Durante el fin de semana, invité a mis amigas del instituto a mi nueva casa en las afueras de Salamanca. Sentía una extraña emoción saltando como peces en un charco verde. Me costó diez años de jornadas infinitas, ningún descanso, los veranos siempre oliendo a sudor y gasolina de mi viejo SEAT Ibiza pero al fin lo había logrado.
Encendí la barbacoa, llené la nevera de Estrella Galicia y preparé ensaladilla rusa, tal como recordaba que les gustaba. Al llegar, pensé que compartiríamos un brindis de alegría. Sin embargo, el aire parecía denso y gris como una tarde de niebla espesa en la sierra.
Mientras les enseñaba la casa, ningún ¡enhorabuena! flotó entre nosotras, sólo preguntas y frases disonantes:
Vaya, está bastante lejos. ¿No te harta el tráfico de la autovía cada mañana?
El patio es minúsculo. En mi piso de alquiler en Madrid al menos tenemos terraza comunitaria. Qué pena que aquí no quepa ni una piscina hinchable.
Espero que no te echen del trabajo, porque esta hipoteca en euros debe de ser un buen peso encima.
Comieron y bebieron con gestos mecánicos, y al poco tiempo se marcharon, dejando el salón tan silencioso como una iglesia vacía en agosto. Al cerrar la puerta sentí un hueco helado dentro, como si me hubieran robado algo invisible. Me inundó una culpa absurda por haber conseguido lo que tanto perseguí.

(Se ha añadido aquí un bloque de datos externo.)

lemma even_if_s_eq_m_minus_2:
  assumes "s = m - 2"
  shows "even m"
proof (rule boundary_decoders_even)
  fix y
  obtain r where r: "int s \<le> r" "r < int m" "dec (pos y) = pos (y + r)"
    using decoded_offset .
  then consider "r = int s" | "r = int m - 1"
    using assms s_pos by linarith
  then show "dec (pos y) = pos (y + int s) \<or> dec (pos y) = pos (y - 1)"
    by cases (use r(3) in \<open>simp_all add: pos_eq_dvd_iff\<close>)
qed (use assms s_pos in simp)

subsection \<open>Side information of sizes one and two\<close>

definition point_msg :: "int \<Rightarrow> (nat \<Rightarrow> 'f) \<Rightarrow> nat \<Rightarrow> nat \<Rightarrow> 'f" where
  "point_msg z v = (\<lambda>a. if a = pos z then v else (\<lambda>_. 0))"

lemma point_msg_in_msgs: "X \<in> kernel \<Longrightarrow> point_msg z (X (pos z)) \<in> msgs"
  unfolding point_msg_def
  using point_in_msg_space[OF pos_range] msgs_vanish_beyond[OF kernel_msgs] by blast

lemma point_kernel_not_decoded:
  assumes "point_msg z v \<in> kernel" "v \<noteq> (\<lambda>_. 0)" "int s \<le> (z - y) mod int m"
  shows "dec (pos y) \<noteq> pos z"
proof
  assume decoded: "dec (pos y) = pos z"
  have "pos z \<notin> side_info m s (pos y)"
    using assms(3) by (simp add: pos_in_side_info_iff)
  then have "pos x \<noteq> pos z" if "x \<in> {y..<y + int s}" for x
    using that unfolding side_info_pos by (metis image_eqI)
  then have "zero_on_window (point_msg z v) y"
    unfolding zero_on_window_def point_msg_def by auto
  then have "point_msg z v (dec (pos y)) = (\<lambda>_. 0)"
    by (rule kernel_zero_at_decoded_pos[OF assms(1)])
  then show False
    using decoded assms(2) by (simp add: point_msg_def)
qed

lemma point_in_kernel_if_s1:
  assumes "s = 1" "X \<in> kernel"
  shows "point_msg z (X (pos z)) \<in> kernel"
proof (rule kernel_by_windows[OF point_msg_in_msgs[OF assms(2)]])
  fix j assume j: "j \<in> {1..m}"
  then have "side_info m s j = {j}"
    using assms(1) by (auto simp: side_info_def)
  then show "\<exists>D\<in>kernel. \<forall>a\<in>side_info m s j. point_msg z (X (pos z)) a = D a"
    using assms(2) zero_in_kernel unfolding point_msg_def
    by (cases "j = pos z") auto
qed

lemma decoded_by_all_if_s1:
  assumes "s = 1" "dec (pos y) = pos z" "pos y' \<noteq> pos z"
  shows "dec (pos y') = pos z"
proof (rule ccontr)
  assume "dec (pos y') \<noteq> pos z"
  moreover have "int s \<le> (z - y') mod int m"
  proof -
    have "(z - y') mod int m \<noteq> 0" "0 \<le> (z - y') mod int m"
      using assms(3) pos_eq_iff[of z y'] m_pos by auto
    then show ?thesis using assms(1) by linarith
  qed
  ultimately obtain X where "X \<in> kernel" "X (pos z) \<noteq> (\<lambda>_. 0)"
    using free_outside_decoded[where y = y' and z = z] by metis
  then have "dec (pos y) \<noteq> pos z"
    using point_kernel_not_decoded point_in_kernel_if_s1[OF assms(1)] decoded_outside[OF assms(2)]
    by blast
  then show False
    using assms(2) by simp
qed

lemma m_le_2_if_s1:
  assumes "s = 1"
  shows "m \<le> 2"
proof (rule ccontr)
  assume "\<not> m \<le> 2"
  obtain r where "dec (pos 0) = pos (0 + r)"
    using decoded_offset by metis
  then have dec_0: "dec (pos 0) = pos r" by simp
  obtain r' where dec_r: "dec (pos r) = pos (r + r')" "int s \<le> r'" "r' < int m"
    using decoded_offset by metis
  have "pos (r + r') \<noteq> pos r"
    using dec_r s_pos by (intro pos_neqI) auto
  moreover have "pos (r + 1) \<noteq> pos r" "pos (r + 2) \<noteq> pos r" "pos (r + 2) \<noteq> pos (r + 1)"
    by (rule pos_neqI; use \<open>\<not> m \<le> 2\<close> in simp)+
  ultimately obtain y where y: "pos y \<noteq> pos r" "pos y \<noteq> pos (r + r')"
    by metis
  have "dec (pos y) = pos r" "dec (pos y) = pos (r + r')"
    using decoded_by_all_if_s1[OF assms] dec_0 dec_r(1) y by blast+
  then show False
    using \<open>pos (r + r') \<noteq> pos r\<close> by simp
qed

lemma point_in_kernel_if_s2:
  assumes s2: "s = 2" and X: "X \<in> kernel"
    and F: "F \<in> kernel" "F (pos z) = (\<lambda>_. 0)" "F (pos (z - 1)) = X (pos (z - 1))"
    and G: "G \<in> kernel" "G (pos z) = (\<lambda>_. 0)" "G (pos (z + 1)) = X (pos (z + 1))"
  shows "point_msg z (X (pos z)) \<in> kernel"
proof (rule kernel_by_windows_pos[OF point_msg_in_msgs[OF X], where j = z])
  fix q assume q: "0 \<le> q" "q < int m"
  have window: "{z + q..<z + q + int s} = {z + q, z + q + 1}"
    using s2 by auto
  have m3: "3 \<le> int m"
    using s2 s_less_m by simp
  consider "q = 0" | "q = int m - 1" | "0 < q" "q < int m - 1"
    using q by linarith
  then show "\<exists>D\<in>kernel. \<forall>x\<in>{z + q..<z + q + int s}. point_msg z (X (pos z)) (pos x) = D (pos x)"
  proof cases
    case 1
    have "pos (z + 1) \<noteq> pos z"
      using m3 by (intro pos_neqI) auto
    then show ?thesis
      using 1 G unfolding window point_msg_def
      by (intro bexI[OF _ kernel_diff[OF X G(1)]]) (auto simp: fun_eq_iff)
  next
    case 2
    have "pos (z + q) = pos (z - 1)" "pos (z + q + 1) = pos z"
      using 2 by (simp_all add: pos_eq_dvd_iff)
    moreover have "pos (z - 1) \<noteq> pos z"
      using m3 by (intro pos_neqI) auto
    ultimately show ?thesis
      using F unfolding window point_msg_def
      by (intro bexI[OF _ kernel_diff[OF X F(1)]]) (auto simp: fun_eq_iff)
  next
    case 3
    have "pos (z + q) \<noteq> pos z"
      using 3 by (intro pos_neqI) auto
    moreover have "pos (z + q + 1) \<noteq> pos z"
      using 3 by (intro pos_neqI) auto
    ultimately show ?thesis
      unfolding window point_msg_def by (intro bexI[OF _ zero_in_kernel]) auto
  qed
qed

Al día siguiente, llamé a mi padre, que siempre habla con la cadencia paciente de los hombres que han cruzado demasiadas mareas. Se rió suavemente y me contó un dicho que cambió mi manera de mirar a la gente:
Hijo, ¿has visto alguna vez centollos en una cesta? Cuando uno intenta salir, los demás le agarran para bajarlo otra vez. Ninguno deja escapar al que intenta trepar hacia arriba.
Entonces todo se volvió claro en el extraño sueño que era ese día.
Mis viejas amigas no eran malas personas. Simplemente, mi avance les devolvía el reflejo de su propio letargo. Mi nueva casa no era motivo de celebración para ellas, era un espejo incómodo de lo que todavía no han construido.
Una semana después invité a Germán, a quien conocí hace dos años en un negocio en Valencia. No era amigo de infancia, sólo alguien con quien coincidí en este viaje. Germán, el que con su corbata deshecha y sus manos siempre llenas de ideas, tiene tres veces más dinero que yo. Al entrar, sus ojos relampaguearon y me estrechó en un abrazo tan fuerte que casi me deja sin aire.
¡Ole tú, Lucía! ¡Lo conseguiste! Espectacular, de verdad. Cuéntame luego cómo cerraste la hipoteca, que eso tiene que tener trampa de la buena.
Germán no sintió envidia.
Sintió inspiración.
La verdad brutal se reveló clara como las sombras en la Plaza Mayor al atardecer:
Ten cuidado con las personas que no aplauden cuando alcanzas algo. Hay quienes te quieren, pero sólo te quieren si no te mueves de su misma sombra. Tu crecimiento les perturba porque les obliga a ver lo que no se atreven. Al avanzar, a veces los amigos se quedan atrás. Ese es el peaje del éxito.
No cargues esas piedras de culpa.
No has perdido amigas: te has liberado del lastre.
Quédate con los que bailan en tu luz, porque su luz propia es tan brillante que tu resplandor no les quema, sino que lo celebran contigo, soñando en el mismo idioma imposible de los sueños felices.